Instructions to follow
Your output should be every line below, copied exactly.

Available data

——

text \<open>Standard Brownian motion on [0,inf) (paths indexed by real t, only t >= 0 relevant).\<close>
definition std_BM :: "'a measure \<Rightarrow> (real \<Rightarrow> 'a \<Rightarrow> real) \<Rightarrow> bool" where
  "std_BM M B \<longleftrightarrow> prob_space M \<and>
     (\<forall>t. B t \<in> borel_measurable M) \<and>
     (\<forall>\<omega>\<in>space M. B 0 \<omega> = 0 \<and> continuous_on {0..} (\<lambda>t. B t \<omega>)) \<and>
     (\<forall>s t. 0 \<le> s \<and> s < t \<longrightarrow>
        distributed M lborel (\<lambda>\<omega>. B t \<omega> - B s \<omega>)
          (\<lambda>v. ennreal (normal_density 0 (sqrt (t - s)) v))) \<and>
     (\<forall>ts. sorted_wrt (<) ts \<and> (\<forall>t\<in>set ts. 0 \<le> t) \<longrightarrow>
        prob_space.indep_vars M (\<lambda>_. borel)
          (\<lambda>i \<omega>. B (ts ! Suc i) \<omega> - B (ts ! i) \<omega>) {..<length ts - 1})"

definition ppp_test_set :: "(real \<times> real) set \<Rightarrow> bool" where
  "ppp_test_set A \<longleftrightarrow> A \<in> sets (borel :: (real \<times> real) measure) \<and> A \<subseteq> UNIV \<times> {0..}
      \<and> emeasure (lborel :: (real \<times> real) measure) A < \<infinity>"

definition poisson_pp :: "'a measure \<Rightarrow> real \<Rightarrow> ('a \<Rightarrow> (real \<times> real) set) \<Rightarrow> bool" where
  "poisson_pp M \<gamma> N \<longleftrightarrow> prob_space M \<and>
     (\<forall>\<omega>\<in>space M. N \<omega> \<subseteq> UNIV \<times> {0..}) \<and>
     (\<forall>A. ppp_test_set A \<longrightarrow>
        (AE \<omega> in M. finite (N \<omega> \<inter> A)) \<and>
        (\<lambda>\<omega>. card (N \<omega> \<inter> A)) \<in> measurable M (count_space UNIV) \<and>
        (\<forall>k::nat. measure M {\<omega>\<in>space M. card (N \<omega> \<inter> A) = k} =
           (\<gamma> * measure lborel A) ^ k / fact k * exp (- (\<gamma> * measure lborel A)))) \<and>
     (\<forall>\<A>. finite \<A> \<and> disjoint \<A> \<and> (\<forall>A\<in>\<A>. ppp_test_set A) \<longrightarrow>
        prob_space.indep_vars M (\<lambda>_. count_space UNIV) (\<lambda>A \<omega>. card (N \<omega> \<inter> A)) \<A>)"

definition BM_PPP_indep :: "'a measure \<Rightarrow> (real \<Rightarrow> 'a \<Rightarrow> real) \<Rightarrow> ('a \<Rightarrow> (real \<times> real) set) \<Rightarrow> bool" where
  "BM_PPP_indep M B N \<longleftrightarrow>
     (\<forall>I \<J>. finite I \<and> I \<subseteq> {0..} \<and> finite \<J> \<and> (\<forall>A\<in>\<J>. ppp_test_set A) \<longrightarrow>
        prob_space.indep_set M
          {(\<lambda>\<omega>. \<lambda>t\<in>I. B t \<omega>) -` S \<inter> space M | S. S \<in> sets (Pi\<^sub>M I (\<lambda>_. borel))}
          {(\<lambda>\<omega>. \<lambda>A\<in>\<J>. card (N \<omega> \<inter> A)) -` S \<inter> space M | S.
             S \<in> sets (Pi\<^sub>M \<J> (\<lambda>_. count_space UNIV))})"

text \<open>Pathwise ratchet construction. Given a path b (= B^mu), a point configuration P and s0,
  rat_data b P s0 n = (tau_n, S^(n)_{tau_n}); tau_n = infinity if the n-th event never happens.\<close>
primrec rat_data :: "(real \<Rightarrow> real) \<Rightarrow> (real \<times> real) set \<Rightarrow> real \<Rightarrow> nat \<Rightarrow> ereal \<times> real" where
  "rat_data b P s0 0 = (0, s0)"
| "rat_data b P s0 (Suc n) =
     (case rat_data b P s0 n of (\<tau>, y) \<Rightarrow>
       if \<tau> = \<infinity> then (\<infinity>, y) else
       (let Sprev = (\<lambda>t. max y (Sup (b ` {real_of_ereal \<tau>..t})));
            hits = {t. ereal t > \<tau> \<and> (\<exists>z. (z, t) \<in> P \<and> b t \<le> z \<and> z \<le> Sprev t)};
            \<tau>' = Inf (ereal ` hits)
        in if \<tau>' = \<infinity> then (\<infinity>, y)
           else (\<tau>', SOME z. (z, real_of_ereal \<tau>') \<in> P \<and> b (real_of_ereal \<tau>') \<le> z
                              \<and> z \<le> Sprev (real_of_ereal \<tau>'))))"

——

Expected answer
text \<open>Standard Brownian motion on [0,inf) (paths indexed by real t, only t >= 0 relevant).\<close>
definition std_BM :: "'a measure \<Rightarrow> (real \<Rightarrow> 'a \<Rightarrow> real) \<Rightarrow> bool" where
  "std_BM M B \<longleftrightarrow> prob_space M \<and>
     (\<forall>t. B t \<in> borel_measurable M) \<and>
     (\<forall>\<omega>\<in>space M. B 0 \<omega> = 0 \<and> continuous_on {0..} (\<lambda>t. B t \<omega>)) \<and>
     (\<forall>s t. 0 \<le> s \<and> s < t \<longrightarrow>
        distributed M lborel (\<lambda>\<omega>. B t \<omega> - B s \<omega>)
          (\<lambda>v. ennreal (normal_density 0 (sqrt (t - s)) v))) \<and>
     (\<forall>ts. sorted_wrt (<) ts \<and> (\<forall>t\<in>set ts. 0 \<le> t) \<longrightarrow>
        prob_space.indep_vars M (\<lambda>_. borel)
          (\<lambda>i \<omega>. B (ts ! Suc i) \<omega> - B (ts ! i) \<omega>) {..<length ts - 1})"

definition ppp_test_set :: "(real \<times> real) set \<Rightarrow> bool" where
  "ppp_test_set A \<longleftrightarrow> A \<in> sets (borel :: (real \<times> real) measure) \<and> A \<subseteq> UNIV \<times> {0..}
      \<and> emeasure (lborel :: (real \<times> real) measure) A < \<infinity>"

definition poisson_pp :: "'a measure \<Rightarrow> real \<Rightarrow> ('a \<Rightarrow> (real \<times> real) set) \<Rightarrow> bool" where
  "poisson_pp M \<gamma> N \<longleftrightarrow> prob_space M \<and>
     (\<forall>\<omega>\<in>space M. N \<omega> \<subseteq> UNIV \<times> {0..}) \<and>
     (\<forall>A. ppp_test_set A \<longrightarrow>
        (AE \<omega> in M. finite (N \<omega> \<inter> A)) \<and>
        (\<lambda>\<omega>. card (N \<omega> \<inter> A)) \<in> measurable M (count_space UNIV) \<and>
        (\<forall>k::nat. measure M {\<omega>\<in>space M. card (N \<omega> \<inter> A) = k} =
           (\<gamma> * measure lborel A) ^ k / fact k * exp (- (\<gamma> * measure lborel A)))) \<and>
     (\<forall>\<A>. finite \<A> \<and> disjoint \<A> \<and> (\<forall>A\<in>\<A>. ppp_test_set A) \<longrightarrow>
        prob_space.indep_vars M (\<lambda>_. count_space UNIV) (\<lambda>A \<omega>. card (N \<omega> \<inter> A)) \<A>)"

definition BM_PPP_indep :: "'a measure \<Rightarrow> (real \<Rightarrow> 'a \<Rightarrow> real) \<Rightarrow> ('a \<Rightarrow> (real \<times> real) set) \<Rightarrow> bool" where
  "BM_PPP_indep M B N \<longleftrightarrow>
     (\<forall>I \<J>. finite I \<and> I \<subseteq> {0..} \<and> finite \<J> \<and> (\<forall>A\<in>\<J>. ppp_test_set A) \<longrightarrow>
        prob_space.indep_set M
          {(\<lambda>\<omega>. \<lambda>t\<in>I. B t \<omega>) -` S \<inter> space M | S. S \<in> sets (Pi\<^sub>M I (\<lambda>_. borel))}
          {(\<lambda>\<omega>. \<lambda>A\<in>\<J>. card (N \<omega> \<inter> A)) -` S \<inter> space M | S.
             S \<in> sets (Pi\<^sub>M \<J> (\<lambda>_. count_space UNIV))})"

text \<open>Pathwise ratchet construction. Given a path b (= B^mu), a point configuration P and s0,
  rat_data b P s0 n = (tau_n, S^(n)_{tau_n}); tau_n = infinity if the n-th event never happens.\<close>
primrec rat_data :: "(real \<Rightarrow> real) \<Rightarrow> (real \<times> real) set \<Rightarrow> real \<Rightarrow> nat \<Rightarrow> ereal \<times> real" where
  "rat_data b P s0 0 = (0, s0)"
| "rat_data b P s0 (Suc n) =
     (case rat_data b P s0 n of (\<tau>, y) \<Rightarrow>
       if \<tau> = \<infinity> then (\<infinity>, y) else
       (let Sprev = (\<lambda>t. max y (Sup (b ` {real_of_ereal \<tau>..t})));
            hits = {t. ereal t > \<tau> \<and> (\<exists>z. (z, t) \<in> P \<and> b t \<le> z \<and> z \<le> Sprev t)};
            \<tau>' = Inf (ereal ` hits)
        in if \<tau>' = \<infinity> then (\<infinity>, y)
           else (\<tau>', SOME z. (z, real_of_ereal \<tau>') \<in> P \<and> b (real_of_ereal \<tau>') \<le> z
                              \<and> z \<le> Sprev (real_of_ereal \<tau>'))))"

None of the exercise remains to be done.